→ What you are asked to do
Exactly the lines starting at the line containing "0 = return_pmf" and ending at the line containing "length (filter Not" are to be written out from the listing below, both included.

→ Dataset content
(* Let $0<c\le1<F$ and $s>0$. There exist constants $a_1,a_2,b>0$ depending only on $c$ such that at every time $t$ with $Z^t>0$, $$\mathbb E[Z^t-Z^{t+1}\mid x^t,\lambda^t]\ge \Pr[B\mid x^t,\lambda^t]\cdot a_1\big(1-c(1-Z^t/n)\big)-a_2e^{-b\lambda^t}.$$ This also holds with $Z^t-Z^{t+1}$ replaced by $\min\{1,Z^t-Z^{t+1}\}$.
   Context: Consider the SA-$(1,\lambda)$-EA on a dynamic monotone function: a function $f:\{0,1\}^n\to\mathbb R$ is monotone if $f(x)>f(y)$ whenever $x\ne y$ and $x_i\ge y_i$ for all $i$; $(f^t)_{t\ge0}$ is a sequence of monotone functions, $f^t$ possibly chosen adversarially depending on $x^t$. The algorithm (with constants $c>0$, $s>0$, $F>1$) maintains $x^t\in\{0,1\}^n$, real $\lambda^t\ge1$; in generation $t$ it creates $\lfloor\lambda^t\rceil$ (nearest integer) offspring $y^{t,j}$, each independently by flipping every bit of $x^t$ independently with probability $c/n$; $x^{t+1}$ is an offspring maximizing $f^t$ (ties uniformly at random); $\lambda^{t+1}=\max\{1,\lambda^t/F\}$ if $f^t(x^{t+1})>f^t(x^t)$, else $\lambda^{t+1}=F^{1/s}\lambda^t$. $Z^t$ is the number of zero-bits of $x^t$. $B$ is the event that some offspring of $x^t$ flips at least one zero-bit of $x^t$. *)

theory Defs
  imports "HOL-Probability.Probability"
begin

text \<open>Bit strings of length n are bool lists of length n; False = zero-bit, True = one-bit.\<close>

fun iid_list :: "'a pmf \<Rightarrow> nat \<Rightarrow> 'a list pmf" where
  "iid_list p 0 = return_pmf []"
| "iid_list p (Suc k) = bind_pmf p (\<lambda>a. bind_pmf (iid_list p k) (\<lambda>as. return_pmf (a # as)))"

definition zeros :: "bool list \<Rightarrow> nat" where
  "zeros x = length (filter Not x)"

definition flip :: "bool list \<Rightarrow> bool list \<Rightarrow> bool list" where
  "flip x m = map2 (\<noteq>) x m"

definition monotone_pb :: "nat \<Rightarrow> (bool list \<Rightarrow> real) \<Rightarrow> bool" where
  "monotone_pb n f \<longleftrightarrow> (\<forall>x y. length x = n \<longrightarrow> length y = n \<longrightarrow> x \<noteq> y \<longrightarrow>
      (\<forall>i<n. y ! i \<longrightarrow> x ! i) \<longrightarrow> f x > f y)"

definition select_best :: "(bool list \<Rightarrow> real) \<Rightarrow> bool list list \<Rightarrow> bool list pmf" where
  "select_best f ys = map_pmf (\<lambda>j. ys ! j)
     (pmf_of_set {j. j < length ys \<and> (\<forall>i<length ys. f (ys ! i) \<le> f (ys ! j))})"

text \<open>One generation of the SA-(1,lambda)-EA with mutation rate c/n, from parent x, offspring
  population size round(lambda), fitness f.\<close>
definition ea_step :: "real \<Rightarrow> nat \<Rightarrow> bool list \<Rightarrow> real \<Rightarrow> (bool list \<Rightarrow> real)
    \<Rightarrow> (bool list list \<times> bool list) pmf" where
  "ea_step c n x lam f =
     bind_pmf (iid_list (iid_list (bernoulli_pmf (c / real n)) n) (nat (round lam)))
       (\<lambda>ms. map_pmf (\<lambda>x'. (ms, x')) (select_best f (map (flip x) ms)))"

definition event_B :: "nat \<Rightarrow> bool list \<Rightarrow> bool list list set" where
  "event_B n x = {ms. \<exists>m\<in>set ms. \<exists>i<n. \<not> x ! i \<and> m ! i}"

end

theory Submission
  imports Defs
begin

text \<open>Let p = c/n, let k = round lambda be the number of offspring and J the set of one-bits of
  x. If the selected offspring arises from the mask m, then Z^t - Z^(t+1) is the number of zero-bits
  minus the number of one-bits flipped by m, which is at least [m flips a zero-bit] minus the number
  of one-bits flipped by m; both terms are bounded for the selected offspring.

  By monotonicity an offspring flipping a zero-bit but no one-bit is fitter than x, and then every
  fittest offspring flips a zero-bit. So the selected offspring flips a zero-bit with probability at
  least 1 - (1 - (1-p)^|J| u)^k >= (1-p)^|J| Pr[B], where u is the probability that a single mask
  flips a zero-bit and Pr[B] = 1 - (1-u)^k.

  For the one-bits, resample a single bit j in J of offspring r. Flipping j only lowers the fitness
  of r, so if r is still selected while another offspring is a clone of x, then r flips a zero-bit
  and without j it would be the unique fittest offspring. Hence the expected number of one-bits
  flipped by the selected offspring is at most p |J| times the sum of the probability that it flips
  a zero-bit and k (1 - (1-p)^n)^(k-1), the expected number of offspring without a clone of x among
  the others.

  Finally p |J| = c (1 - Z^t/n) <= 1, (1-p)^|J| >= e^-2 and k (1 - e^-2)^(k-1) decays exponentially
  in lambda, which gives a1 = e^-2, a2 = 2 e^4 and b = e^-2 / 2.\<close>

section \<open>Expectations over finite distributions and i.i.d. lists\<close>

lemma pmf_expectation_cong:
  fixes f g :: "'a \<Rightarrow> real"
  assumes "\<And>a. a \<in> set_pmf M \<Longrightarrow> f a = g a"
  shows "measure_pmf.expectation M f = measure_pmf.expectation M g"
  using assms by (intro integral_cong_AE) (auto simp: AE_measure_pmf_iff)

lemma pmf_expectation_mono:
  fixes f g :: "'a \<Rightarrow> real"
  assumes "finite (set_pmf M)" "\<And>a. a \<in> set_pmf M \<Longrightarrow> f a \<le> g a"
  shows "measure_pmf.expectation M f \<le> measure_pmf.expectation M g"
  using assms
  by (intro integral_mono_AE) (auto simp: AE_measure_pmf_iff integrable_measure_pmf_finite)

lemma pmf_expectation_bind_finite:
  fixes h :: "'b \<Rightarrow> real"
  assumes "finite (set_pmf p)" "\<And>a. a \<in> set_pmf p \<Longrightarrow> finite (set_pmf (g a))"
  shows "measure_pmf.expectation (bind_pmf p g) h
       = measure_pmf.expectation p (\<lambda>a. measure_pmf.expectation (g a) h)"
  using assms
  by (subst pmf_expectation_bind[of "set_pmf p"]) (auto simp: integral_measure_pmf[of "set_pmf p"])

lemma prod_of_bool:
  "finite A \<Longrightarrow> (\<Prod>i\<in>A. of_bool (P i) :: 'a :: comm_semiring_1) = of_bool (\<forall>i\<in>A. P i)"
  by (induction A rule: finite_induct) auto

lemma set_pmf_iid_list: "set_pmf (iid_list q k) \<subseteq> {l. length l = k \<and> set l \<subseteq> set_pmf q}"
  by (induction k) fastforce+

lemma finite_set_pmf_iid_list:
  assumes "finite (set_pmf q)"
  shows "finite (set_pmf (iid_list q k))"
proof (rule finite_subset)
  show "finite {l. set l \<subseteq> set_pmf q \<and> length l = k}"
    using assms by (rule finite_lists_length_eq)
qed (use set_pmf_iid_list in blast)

---

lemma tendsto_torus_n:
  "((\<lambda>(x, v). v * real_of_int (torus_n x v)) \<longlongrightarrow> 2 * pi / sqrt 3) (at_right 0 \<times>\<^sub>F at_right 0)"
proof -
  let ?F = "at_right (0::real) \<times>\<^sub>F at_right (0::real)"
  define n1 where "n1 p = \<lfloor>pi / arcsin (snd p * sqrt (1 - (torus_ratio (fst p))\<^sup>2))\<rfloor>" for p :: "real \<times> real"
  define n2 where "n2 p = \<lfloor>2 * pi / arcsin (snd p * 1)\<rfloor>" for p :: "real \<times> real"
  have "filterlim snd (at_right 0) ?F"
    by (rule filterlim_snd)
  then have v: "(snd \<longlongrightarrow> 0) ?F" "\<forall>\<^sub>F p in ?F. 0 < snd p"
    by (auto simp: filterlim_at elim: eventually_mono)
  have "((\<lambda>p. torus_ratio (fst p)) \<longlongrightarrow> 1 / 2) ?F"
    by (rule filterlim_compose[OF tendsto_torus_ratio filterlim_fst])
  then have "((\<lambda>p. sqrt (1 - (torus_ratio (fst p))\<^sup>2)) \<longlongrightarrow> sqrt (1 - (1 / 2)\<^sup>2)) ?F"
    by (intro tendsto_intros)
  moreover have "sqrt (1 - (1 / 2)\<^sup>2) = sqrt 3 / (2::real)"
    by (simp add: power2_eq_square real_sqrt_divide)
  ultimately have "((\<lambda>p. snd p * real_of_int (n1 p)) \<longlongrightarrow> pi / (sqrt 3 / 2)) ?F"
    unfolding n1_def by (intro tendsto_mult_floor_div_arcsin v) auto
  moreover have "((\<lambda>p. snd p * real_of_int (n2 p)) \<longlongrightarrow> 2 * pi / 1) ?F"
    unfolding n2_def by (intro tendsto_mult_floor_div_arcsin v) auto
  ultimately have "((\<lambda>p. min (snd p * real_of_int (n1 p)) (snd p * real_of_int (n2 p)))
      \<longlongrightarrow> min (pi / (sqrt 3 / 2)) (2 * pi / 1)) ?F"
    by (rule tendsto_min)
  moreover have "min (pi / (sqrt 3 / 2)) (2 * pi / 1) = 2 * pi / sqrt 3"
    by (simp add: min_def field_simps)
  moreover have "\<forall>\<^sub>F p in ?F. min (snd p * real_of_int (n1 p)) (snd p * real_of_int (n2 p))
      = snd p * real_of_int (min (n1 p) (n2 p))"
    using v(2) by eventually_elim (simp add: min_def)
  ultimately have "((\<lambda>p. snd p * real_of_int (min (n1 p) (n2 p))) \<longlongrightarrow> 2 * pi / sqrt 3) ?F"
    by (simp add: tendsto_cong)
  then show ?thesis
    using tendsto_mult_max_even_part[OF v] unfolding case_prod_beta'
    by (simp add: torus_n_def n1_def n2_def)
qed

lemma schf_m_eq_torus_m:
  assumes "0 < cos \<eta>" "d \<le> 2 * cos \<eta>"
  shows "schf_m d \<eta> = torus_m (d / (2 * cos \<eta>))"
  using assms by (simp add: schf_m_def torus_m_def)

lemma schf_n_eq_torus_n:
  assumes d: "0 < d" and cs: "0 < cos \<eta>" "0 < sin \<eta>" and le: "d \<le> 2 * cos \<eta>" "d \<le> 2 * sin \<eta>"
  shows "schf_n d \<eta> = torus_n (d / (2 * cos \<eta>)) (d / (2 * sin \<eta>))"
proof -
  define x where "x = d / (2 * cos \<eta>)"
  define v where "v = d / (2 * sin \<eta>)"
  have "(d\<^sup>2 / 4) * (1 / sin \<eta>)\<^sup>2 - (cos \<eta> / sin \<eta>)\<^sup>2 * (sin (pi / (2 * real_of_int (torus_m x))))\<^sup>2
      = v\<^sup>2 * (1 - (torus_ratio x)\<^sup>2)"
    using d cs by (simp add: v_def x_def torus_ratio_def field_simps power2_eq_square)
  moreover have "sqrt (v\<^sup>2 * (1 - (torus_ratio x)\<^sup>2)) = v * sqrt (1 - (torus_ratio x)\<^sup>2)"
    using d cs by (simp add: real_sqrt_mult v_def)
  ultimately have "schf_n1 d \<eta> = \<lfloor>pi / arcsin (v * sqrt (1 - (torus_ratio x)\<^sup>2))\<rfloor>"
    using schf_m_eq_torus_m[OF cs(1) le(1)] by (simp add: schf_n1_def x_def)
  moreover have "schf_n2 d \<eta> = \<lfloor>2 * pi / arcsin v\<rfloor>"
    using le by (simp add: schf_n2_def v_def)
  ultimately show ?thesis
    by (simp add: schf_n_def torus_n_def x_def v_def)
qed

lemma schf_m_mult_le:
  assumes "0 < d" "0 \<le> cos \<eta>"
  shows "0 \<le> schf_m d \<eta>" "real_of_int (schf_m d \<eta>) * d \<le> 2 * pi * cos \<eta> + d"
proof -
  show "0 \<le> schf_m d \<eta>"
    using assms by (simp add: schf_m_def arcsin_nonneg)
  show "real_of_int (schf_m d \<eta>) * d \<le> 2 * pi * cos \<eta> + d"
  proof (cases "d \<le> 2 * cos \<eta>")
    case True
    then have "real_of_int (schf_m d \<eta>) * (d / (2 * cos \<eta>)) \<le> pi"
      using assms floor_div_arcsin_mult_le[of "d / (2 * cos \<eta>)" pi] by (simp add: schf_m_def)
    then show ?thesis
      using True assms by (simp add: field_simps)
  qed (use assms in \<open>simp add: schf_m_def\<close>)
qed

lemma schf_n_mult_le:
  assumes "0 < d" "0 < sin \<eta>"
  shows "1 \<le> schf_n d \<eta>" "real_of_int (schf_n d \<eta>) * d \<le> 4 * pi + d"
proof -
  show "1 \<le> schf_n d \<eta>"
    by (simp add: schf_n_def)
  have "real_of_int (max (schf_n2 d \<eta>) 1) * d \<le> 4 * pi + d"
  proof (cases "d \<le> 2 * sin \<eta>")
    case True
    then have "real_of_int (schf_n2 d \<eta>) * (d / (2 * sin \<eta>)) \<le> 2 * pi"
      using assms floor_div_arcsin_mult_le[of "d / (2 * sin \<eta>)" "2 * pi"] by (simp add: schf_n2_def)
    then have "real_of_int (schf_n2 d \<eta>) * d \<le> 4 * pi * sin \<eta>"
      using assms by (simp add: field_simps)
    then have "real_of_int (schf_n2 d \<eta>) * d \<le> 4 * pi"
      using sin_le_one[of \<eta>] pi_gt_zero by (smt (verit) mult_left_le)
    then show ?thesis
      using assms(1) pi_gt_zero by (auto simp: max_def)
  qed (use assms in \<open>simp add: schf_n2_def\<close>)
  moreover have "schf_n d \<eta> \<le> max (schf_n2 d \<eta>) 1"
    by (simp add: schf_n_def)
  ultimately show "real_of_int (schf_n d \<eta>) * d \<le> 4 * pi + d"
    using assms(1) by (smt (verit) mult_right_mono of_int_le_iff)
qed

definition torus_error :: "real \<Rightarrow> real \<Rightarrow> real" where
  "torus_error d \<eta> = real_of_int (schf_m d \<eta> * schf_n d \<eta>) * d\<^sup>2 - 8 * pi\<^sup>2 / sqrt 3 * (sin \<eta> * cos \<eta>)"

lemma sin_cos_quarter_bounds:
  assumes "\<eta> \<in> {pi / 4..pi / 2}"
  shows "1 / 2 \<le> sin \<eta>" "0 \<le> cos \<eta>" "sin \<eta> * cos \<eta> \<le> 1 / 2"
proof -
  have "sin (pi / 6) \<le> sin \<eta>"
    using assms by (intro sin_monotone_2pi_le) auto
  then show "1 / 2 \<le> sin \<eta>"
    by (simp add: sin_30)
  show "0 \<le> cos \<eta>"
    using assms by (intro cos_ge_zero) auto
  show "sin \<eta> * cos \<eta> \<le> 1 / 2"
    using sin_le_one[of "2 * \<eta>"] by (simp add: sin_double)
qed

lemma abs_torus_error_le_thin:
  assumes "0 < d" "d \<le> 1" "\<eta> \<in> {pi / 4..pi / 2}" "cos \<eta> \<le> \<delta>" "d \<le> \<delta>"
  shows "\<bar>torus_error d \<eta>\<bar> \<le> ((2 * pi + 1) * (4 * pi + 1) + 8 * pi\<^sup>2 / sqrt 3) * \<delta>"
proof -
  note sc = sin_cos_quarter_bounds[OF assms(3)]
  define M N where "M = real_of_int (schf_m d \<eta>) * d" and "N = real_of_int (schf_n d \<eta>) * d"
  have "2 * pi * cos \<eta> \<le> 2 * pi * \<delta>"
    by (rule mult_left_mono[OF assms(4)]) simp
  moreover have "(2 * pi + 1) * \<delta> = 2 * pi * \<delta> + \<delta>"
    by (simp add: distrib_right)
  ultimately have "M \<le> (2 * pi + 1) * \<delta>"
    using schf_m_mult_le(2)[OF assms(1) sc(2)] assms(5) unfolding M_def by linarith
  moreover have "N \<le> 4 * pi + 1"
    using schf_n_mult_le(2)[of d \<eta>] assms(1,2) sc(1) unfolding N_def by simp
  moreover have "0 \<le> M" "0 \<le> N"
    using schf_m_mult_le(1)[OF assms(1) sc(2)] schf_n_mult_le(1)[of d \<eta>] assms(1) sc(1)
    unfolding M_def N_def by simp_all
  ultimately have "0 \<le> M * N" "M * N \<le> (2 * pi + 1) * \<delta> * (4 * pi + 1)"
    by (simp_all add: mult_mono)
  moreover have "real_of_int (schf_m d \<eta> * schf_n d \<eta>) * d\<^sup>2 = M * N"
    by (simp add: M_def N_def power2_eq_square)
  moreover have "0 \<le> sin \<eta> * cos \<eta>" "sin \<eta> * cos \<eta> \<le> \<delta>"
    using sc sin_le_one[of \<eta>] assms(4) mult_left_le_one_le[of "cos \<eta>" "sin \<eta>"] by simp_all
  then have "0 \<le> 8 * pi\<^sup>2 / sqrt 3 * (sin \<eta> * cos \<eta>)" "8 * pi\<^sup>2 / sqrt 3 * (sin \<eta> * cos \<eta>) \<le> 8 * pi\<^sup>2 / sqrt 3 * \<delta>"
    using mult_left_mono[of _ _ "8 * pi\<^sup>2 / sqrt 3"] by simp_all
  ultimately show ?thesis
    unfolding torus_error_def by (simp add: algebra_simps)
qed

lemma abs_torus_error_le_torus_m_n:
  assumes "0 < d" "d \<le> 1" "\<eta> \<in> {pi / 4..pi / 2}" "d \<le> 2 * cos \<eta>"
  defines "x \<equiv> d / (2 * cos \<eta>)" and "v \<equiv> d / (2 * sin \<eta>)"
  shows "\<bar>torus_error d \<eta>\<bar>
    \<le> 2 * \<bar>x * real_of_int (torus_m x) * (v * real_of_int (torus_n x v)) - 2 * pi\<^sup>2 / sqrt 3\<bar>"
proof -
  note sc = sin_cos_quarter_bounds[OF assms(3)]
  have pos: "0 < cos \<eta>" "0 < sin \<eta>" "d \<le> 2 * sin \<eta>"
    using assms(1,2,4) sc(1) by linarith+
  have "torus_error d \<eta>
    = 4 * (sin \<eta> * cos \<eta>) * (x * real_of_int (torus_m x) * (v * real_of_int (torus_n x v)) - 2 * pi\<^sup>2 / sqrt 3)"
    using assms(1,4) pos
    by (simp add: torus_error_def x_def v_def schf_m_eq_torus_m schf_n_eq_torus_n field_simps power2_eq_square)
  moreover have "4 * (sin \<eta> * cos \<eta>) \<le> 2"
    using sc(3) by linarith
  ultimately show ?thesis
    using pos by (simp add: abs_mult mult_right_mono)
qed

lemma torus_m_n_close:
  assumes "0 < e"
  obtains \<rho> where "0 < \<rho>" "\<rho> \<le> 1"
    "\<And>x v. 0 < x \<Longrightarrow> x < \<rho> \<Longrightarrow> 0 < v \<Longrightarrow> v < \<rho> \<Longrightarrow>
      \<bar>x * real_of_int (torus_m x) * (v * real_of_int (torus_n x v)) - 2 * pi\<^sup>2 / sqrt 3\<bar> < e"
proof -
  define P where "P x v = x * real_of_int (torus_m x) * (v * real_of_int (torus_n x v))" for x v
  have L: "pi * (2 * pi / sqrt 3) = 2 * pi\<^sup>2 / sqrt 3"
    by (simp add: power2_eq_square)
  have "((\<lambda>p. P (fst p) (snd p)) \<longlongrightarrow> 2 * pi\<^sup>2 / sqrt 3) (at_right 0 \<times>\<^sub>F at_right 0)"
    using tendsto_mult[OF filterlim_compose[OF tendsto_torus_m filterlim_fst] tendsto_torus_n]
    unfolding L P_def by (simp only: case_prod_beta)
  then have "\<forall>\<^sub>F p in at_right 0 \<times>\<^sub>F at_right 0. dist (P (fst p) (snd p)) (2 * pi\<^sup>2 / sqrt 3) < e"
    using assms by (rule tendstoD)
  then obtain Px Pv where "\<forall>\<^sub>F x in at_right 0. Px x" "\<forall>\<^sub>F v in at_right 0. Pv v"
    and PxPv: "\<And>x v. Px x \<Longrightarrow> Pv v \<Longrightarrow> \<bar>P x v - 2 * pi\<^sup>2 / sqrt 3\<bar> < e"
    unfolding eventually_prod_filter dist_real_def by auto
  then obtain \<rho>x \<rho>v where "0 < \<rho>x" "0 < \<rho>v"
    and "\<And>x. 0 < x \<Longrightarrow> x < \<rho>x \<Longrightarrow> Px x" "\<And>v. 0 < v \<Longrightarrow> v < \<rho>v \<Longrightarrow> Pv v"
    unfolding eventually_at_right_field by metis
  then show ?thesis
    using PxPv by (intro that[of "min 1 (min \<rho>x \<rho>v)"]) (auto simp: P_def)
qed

...

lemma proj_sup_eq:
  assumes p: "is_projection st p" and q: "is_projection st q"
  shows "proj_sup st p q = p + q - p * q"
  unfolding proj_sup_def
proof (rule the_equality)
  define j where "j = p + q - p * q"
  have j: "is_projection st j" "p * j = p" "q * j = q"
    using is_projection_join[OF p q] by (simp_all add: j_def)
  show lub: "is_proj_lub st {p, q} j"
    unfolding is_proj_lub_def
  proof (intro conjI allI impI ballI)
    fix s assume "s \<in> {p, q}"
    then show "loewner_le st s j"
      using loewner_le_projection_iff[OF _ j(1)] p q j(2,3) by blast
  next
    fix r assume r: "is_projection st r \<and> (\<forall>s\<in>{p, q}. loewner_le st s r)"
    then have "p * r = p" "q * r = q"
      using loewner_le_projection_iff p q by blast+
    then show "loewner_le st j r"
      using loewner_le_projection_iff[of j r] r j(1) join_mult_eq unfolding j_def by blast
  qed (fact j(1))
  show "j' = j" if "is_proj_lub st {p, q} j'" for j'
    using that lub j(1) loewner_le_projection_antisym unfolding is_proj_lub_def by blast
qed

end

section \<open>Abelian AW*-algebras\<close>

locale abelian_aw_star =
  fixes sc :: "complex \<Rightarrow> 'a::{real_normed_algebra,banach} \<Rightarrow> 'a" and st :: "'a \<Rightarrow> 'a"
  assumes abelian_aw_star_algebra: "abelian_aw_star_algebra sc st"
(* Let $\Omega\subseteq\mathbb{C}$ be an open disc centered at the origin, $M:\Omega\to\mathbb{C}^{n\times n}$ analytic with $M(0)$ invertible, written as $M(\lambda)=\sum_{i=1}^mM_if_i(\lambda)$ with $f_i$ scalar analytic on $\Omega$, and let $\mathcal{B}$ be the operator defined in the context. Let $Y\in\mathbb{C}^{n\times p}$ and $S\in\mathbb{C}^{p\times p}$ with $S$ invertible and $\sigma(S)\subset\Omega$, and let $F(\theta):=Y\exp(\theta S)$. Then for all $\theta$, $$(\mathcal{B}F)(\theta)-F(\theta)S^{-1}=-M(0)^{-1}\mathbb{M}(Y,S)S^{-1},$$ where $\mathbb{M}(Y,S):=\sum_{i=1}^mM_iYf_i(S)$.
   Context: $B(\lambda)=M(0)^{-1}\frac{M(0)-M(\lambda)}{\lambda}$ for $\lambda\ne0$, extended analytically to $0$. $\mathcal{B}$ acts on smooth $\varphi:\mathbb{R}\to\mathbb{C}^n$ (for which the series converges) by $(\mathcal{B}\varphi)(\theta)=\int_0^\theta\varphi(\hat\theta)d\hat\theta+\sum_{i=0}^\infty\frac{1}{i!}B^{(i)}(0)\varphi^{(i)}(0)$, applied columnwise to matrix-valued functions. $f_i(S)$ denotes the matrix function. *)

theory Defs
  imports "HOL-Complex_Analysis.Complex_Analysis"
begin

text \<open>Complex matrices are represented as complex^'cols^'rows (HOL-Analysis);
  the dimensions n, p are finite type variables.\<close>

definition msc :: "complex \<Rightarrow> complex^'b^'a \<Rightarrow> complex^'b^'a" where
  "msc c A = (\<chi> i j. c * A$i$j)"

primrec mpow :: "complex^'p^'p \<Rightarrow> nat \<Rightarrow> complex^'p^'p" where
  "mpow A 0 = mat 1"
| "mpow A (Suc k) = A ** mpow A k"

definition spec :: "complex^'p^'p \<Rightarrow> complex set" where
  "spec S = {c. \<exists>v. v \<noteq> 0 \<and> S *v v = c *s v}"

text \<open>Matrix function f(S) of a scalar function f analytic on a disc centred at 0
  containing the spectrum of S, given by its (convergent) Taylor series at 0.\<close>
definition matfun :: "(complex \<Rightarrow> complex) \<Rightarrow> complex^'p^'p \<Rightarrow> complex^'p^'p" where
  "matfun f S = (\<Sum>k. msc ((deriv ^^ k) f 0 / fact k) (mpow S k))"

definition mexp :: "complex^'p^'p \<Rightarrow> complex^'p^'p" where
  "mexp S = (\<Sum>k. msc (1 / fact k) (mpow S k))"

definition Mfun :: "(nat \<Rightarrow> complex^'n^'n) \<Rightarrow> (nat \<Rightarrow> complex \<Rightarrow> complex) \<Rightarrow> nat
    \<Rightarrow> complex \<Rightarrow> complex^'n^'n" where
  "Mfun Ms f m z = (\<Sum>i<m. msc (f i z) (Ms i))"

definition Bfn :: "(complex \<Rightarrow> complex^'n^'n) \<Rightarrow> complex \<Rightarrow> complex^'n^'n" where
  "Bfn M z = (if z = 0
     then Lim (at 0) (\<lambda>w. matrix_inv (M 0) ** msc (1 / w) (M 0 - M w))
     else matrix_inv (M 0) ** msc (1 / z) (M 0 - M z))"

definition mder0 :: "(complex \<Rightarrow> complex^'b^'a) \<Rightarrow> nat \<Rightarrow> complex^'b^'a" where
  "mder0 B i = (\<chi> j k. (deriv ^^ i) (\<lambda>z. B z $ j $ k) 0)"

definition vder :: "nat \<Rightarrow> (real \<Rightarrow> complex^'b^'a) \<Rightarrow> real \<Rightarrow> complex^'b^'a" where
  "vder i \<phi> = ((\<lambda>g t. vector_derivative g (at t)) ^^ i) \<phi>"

→ Task response
  "iid_list p 0 = return_pmf []"
| "iid_list p (Suc k) = bind_pmf p (\<lambda>a. bind_pmf (iid_list p k) (\<lambda>as. return_pmf (a # as)))"

definition zeros :: "bool list \<Rightarrow> nat" where
  "zeros x = length (filter Not x)"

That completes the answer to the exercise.